The recording process aside,Momofuku is no retrofest. Admittedly, hearing Steve Nieve's cheesy organ runs whip around the album's opening tunes like a Jack Russell terrier conjures thoughts of the wondrously obstinate music that the Attractions cut, amazingly, three decades ago. But Momofuku is as instinctual as any record Costello has made. It boasts a mix of pop smarts and coarse rock 'n' roll cunning that brings to mind such great upstart Costello albums as Mighty Like a Rose and Blood and Chocolate. But even those comparisons trivialize the sparks that fly off these tunes.

As usual, Costello is a sucker for stories of dark melody and even darker wit, as in the way the Dickensian badlands of Harry Worth — where ”streets are paved with heaven's penance, gutters are full of suicide“ — are given mighty shoves from Nieve's piano-pounding jabs and loads of jagged, fuzzy guitar.
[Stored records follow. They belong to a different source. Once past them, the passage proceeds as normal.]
lemma c_coeff_times_b_coeff: "4 * c_coeff n * b_coeff n = 2^(2*n+4) / (2 * fact (2*n+1))"
proof -
  define F :: real where "F = fact (2*n+1)"
  define P :: real where "P = fact (n+2)"
  have "fact (2*(n+1)+2) = 8 * (real n + 1) * (real n + 2) * (real n + 3/2) * F"
    unfolding F_def by (simp add: numeral_eq_Suc algebra_simps)
  then have "sqrt pi * s_coeff (n+1) * (8 * (real n + 1) * (real n + 2) * (real n + 3/2) * F)
      = 4^(n+2) * P"
    using s_coeff_closed_form[of "n+1"] unfolding P_def by (simp add: add_ac)
  moreover have "F > 0" "P > 0" "(2::real)^(2*n+4) = 4^(n+2)"
    unfolding F_def P_def by (simp_all add: power_add power_mult)
  ultimately show ?thesis
    unfolding c_coeff_def b_coeff_def F_def[symmetric] P_def[symmetric]
    by (simp add: field_simps)
qed

lemma a_coeff_times_b_coeff: "a_coeff n * b_coeff n * (4 * real n + 10)
    = 2^(2*n+5) / (2 * fact (2*n+2))"
proof -
  define F :: real where "F = fact (2*n+2)"
  define P :: real where "P = fact (n+2)"
  have E: "fact (2*(n+2)+2)
      = 16 * (real n + 2) * (real n + 3) * (real n + 3/2) * (real n + 5/2) * F"
    "fact (n+2+1) = (real n + 3) * P"
    unfolding F_def P_def by (simp_all add: numeral_eq_Suc algebra_simps)
  have "sqrt pi * s_coeff (n+2)
      * (16 * (real n + 2) * (real n + 3) * (real n + 3/2) * (real n + 5/2) * F)
      = 4^(n+3) * ((real n + 3) * P)"
    using s_coeff_closed_form[of "n+2"] unfolding E by (simp add: numeral_eq_Suc)
  moreover have "F > 0" "P > 0" "(2::real)^(2*n+5) = 2 * 4^(n+2)"
    unfolding F_def P_def by (simp_all add: power_add power_mult)
  ultimately show ?thesis
    unfolding a_coeff_def b_coeff_def F_def[symmetric] P_def[symmetric]
    by (simp add: divide_simps power_add) (simp add: algebra_simps)
qed

lemma b_coeff_Suc: "b_coeff (Suc n) * ((2 * real n + 6) * (2 * real n + 3))
    = b_coeff n * (4 * real n + 10)"
proof -
  define P :: real where "P = fact (n+2)"
  have E: "fact (Suc n + 2) = (real n + 3) * P" and "P > 0"
    unfolding P_def by (simp_all add: numeral_eq_Suc)
  then show ?thesis
    unfolding b_coeff_def E P_def[symmetric] by (simp add: divide_simps) (simp add: algebra_simps)
qed

section \<open>The differential operator applied to the finite kernel\<close>

lemma G_eq_sum_coeffs: "G N z w
    = (\<Sum>k<N. \<Sum>l\<le>k. of_real (a_coeff k * b_coeff l) * z^(2*k+1) * w^(2*l))"
  unfolding G_def sum_distrib_left
proof (intro sum.cong refl)
  fix k l
  have "Gamma (real l + 3) = fact (l + 2)"
    using Gamma_fact[of "l + 2", where 'a=real] by (simp add: add_ac)
  moreover have "Gamma (real (k + 2) + 3/2) = Gamma (real k + 7/2)"
    by (simp add: add_ac)
  ultimately have e: "sqrt pi
      * ((real k + 2) * (real l + 3/2) / (Gamma (real k + 7/2) * Gamma (real l + 3)))
      = a_coeff k * b_coeff l"
    unfolding a_coeff_def b_coeff_def s_coeff_def by (simp only:) simp
  then show "of_real (sqrt pi) * (of_real ((real k + 2) * (real l + 3/2) /
        (Gamma (real k + 7/2) * Gamma (real l + 3))) * z^(2*k+1) * w^(2*l))
      = of_real (a_coeff k * b_coeff l) * z^(2*k+1) * w^(2*l)"
    by (simp only: e[symmetric] of_real_mult mult.assoc)
qed
(* Consider the setting and SCSG algorithm described in the context, with $\hat A$ nonsingular and $\hat C$ positive definite, and step size $0\le\sigma_\theta\le\frac{\lambda_{\min}}{6\kappa(Q)^2L_G^2}$ (with $\sigma_\omega=\beta\sigma_\theta$). Then for every epoch index $m$, $$\mathbb{E}\|Q^{-1}\Delta_m\|^2=\mathbb{E}\|Q^{-1}\Delta_{m-1,K_{m-1}}\|^2<\infty\ (m\ge1),\qquad\text{i.e. } \mathbb{E}\|Q^{-1}(z_m-z^\star)\|^2<\infty,$$ where the expectation includes the randomness of the geometrically distributed inner-loop lengths.
   Context: Data: $n$ transitions $(s_t,a_t,r_t,s_{t+1})$, $t\in[n]=\{1,\dots,n\}$, a feature map $\phi$ from states to $\mathbb{R}^d$ and a discount factor $\gamma$. Define $\hat A_t=\phi(s_t)(\phi(s_t)-\gamma\phi(s_{t+1}))^\top$, $\hat b_t=r_t\phi(s_t)$, $\hat C_t=\phi(s_t)\phi(s_t)^\top$, and $\hat A,\hat b,\hat C$ their averages over $t\in[n]$; then $(\theta^\star,\omega^\star)=(\hat A^{-1}\hat b,0)$. Let $\beta=\frac{8\lambda_{\max}(\hat A^\top\hat C^{-1}\hat A)}{\lambda_{\min}(\hat C)}$. For $t\in[n]$ set $G_t=\begin{pmatrix}0&-\sqrt\beta\hat A_t^\top\\ \sqrt\beta\hat A_t&\beta\hat C_t\end{pmatrix}$, $g_t=\begin{pmatrix}0\\ \sqrt\beta\hat b_t\end{pmatrix}$, $G=\frac1n\sum_tG_t$, $g=\frac1n\sum_tg_t$, $z^\star=(\theta^\star,\omega^\star/\sqrt\beta)$. With this $\beta$, $G$ is diagonalizable with real positive eigenvalues; fix $G=Q\Lambda Q^{-1}$ with $\Lambda$ diagonal. $\lambda_{\min}$ is the smallest eigenvalue of $G$; $\|\cdot\|$ is the Euclidean/spectral norm; $\kappa(Q)=\|Q\|\|Q^{-1}\|$; $L_G^2=\left\|\frac1n\sum_tG_t^\top G_t\right\|$. SCSG (in coordinates $z=(\theta,\omega/\sqrt\beta)$, fixed batch size $B$, deterministic initial point $z_0$): at the start of epoch $m$ the iterate is $z_m$. A subset $\mathcal B\subseteq[n]$ of size $B$ is sampled uniformly at random; $G_m=\frac1B\sum_{t\in\mathcal B}G_t$, $g_m=\frac1B\sum_{t\in\mathcal B}g_t$. Draw $K_m\sim\mathrm{Geom}(\frac B{B+1})$, i.e. $P(K_m=k)=(1-\gamma)\gamma^k$ for $k\ge0$ with $\gamma=\frac B{B+1}$. Set $z_{m,0}=z_m$; for $j=0,\dots,K_m-1$ sample $t_j$ uniformly from $[n]$ independently and set $z_{m,j+1}=z_{m,j}-\sigma_\theta\big(G_{t_j}z_{m,j}+(G_m-G_{t_j})z_m-g_m\big)$; then $z_{m+1}=z_{m,K_m}$. Define $\Delta_m=z_m-z^\star$ and $\Delta_{m,j}=z_{m,j}-z^\star$. *)

theory Defs
  imports "HOL-Analysis.Analysis" "HOL-Probability.Probability"
begin

definition outer :: "real^'d \<Rightarrow> real^'d \<Rightarrow> real^'d^'d" where
  "outer u v = (\<chi> i j. u $ i * v $ j)"

definition eigvals :: "real^'n^'n \<Rightarrow> real set" where
  "eigvals M = {l. \<exists>v. v \<noteq> 0 \<and> M *v v = l *\<^sub>R v}"

definition lam_max :: "real^'n^'n \<Rightarrow> real" where
  "lam_max M = Max (eigvals M)"

definition lam_min :: "real^'n^'n \<Rightarrow> real" where
  "lam_min M = Min (eigvals M)"

definition mnorm :: "real^'n^'m \<Rightarrow> real" where
  "mnorm M = onorm (\<lambda>x. M *v x)"

definition pos_def :: "real^'n^'n \<Rightarrow> bool" where
  "pos_def M \<longleftrightarrow> transpose M = M \<and> (\<forall>x. x \<noteq> 0 \<longrightarrow> x \<bullet> (M *v x) > 0)"

section \<open>Data: transitions t \<in> {1..n}: state s t, reward r t, next state s' t\<close>

definition At :: "('s \<Rightarrow> real^'d) \<Rightarrow> real \<Rightarrow> (nat \<Rightarrow> 's) \<Rightarrow> (nat \<Rightarrow> 's) \<Rightarrow> nat \<Rightarrow> real^'d^'d" where
  "At \<phi> disc s s' t = outer (\<phi> (s t)) (\<phi> (s t) - disc *\<^sub>R \<phi> (s' t))"

definition bt :: "('s \<Rightarrow> real^'d) \<Rightarrow> (nat \<Rightarrow> real) \<Rightarrow> (nat \<Rightarrow> 's) \<Rightarrow> nat \<Rightarrow> real^'d" where
  "bt \<phi> r s t = r t *\<^sub>R \<phi> (s t)"

definition Ct :: "('s \<Rightarrow> real^'d) \<Rightarrow> (nat \<Rightarrow> 's) \<Rightarrow> nat \<Rightarrow> real^'d^'d" where
  "Ct \<phi> s t = outer (\<phi> (s t)) (\<phi> (s t))"

definition Ahat where "Ahat \<phi> disc s s' n = (1 / real n) *\<^sub>R (\<Sum>t\<in>{1..n}. At \<phi> disc s s' t)"
definition bhat where "bhat \<phi> r s n = (1 / real n) *\<^sub>R (\<Sum>t\<in>{1..n}. bt \<phi> r s t)"
definition Chat where "Chat \<phi> s n = (1 / real n) *\<^sub>R (\<Sum>t\<in>{1..n}. Ct \<phi> s t)"

definition theta_star where
  "theta_star \<phi> disc r s s' n = matrix_inv (Ahat \<phi> disc s s' n) *v bhat \<phi> r s n"

definition beta where
  "beta \<phi> disc s s' n =
     8 * lam_max (transpose (Ahat \<phi> disc s s' n) ** matrix_inv (Chat \<phi> s n) ** Ahat \<phi> disc s s' n)
       / lam_min (Chat \<phi> s n)"

section \<open>Saddle-point system in coordinates z = (theta, omega / sqrt beta),
  indexed by 'd + 'd (Inl = theta block, Inr = second block)\<close>

definition blockG :: "real \<Rightarrow> real^'d^'d \<Rightarrow> real^'d^'d \<Rightarrow> real^('d+'d)^('d+'d)" where
  "blockG b A C = (\<chi> i j. case (i, j) of
      (Inl a, Inl c) \<Rightarrow> 0
    | (Inl a, Inr c) \<Rightarrow> - sqrt b * A $ c $ a
    | (Inr a, Inl c) \<Rightarrow> sqrt b * A $ a $ c
    | (Inr a, Inr c) \<Rightarrow> b * C $ a $ c)"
”I rather go blind for speaking my mind,“ Costello sings earlier in American Gangster Time, a tune whose vintage Attractions attack, along with Lewis' vocal support, creates a sense of pop urgency that is familiar yet vitally new.

And then there are instances when Costello blithely takes on the essentials of the human condition.

On Drum and Bone, he sings unapologetically over a spry acoustic shuffle from the standpoint of ”a limited, primitive kind of man.“ But on Pardon Me, Madam, My Name Is Eve, the unrest goes all the way back to the Garden of Eden. There, jealousy and hypocrisy are no match for the burdens of the waiting world (”there's always someone on the outside doing all the suffering“).

A lighter turn is taken on My Three Sons, a tune that is tender in tone and autobiographical in subject matter. It's not exactly an ode to the generations-old Fred MacMurray TV show of the same name. But it's equally wholesome.

The journey concludes with Go Away, a subtle little rave-up/kiss-off rocker built around a deliriously static drum and organ roll that recalls the 1960s single 96 Tears. It's the kind of melody that will stick in your brain for days.

In the end, Momofuku comes off like a movie set on fast-forward that manages to make perfect sense. There's color, noise, passion, regret, humor, joy, melody and an incredible sense of motion. Just don't forget to add water.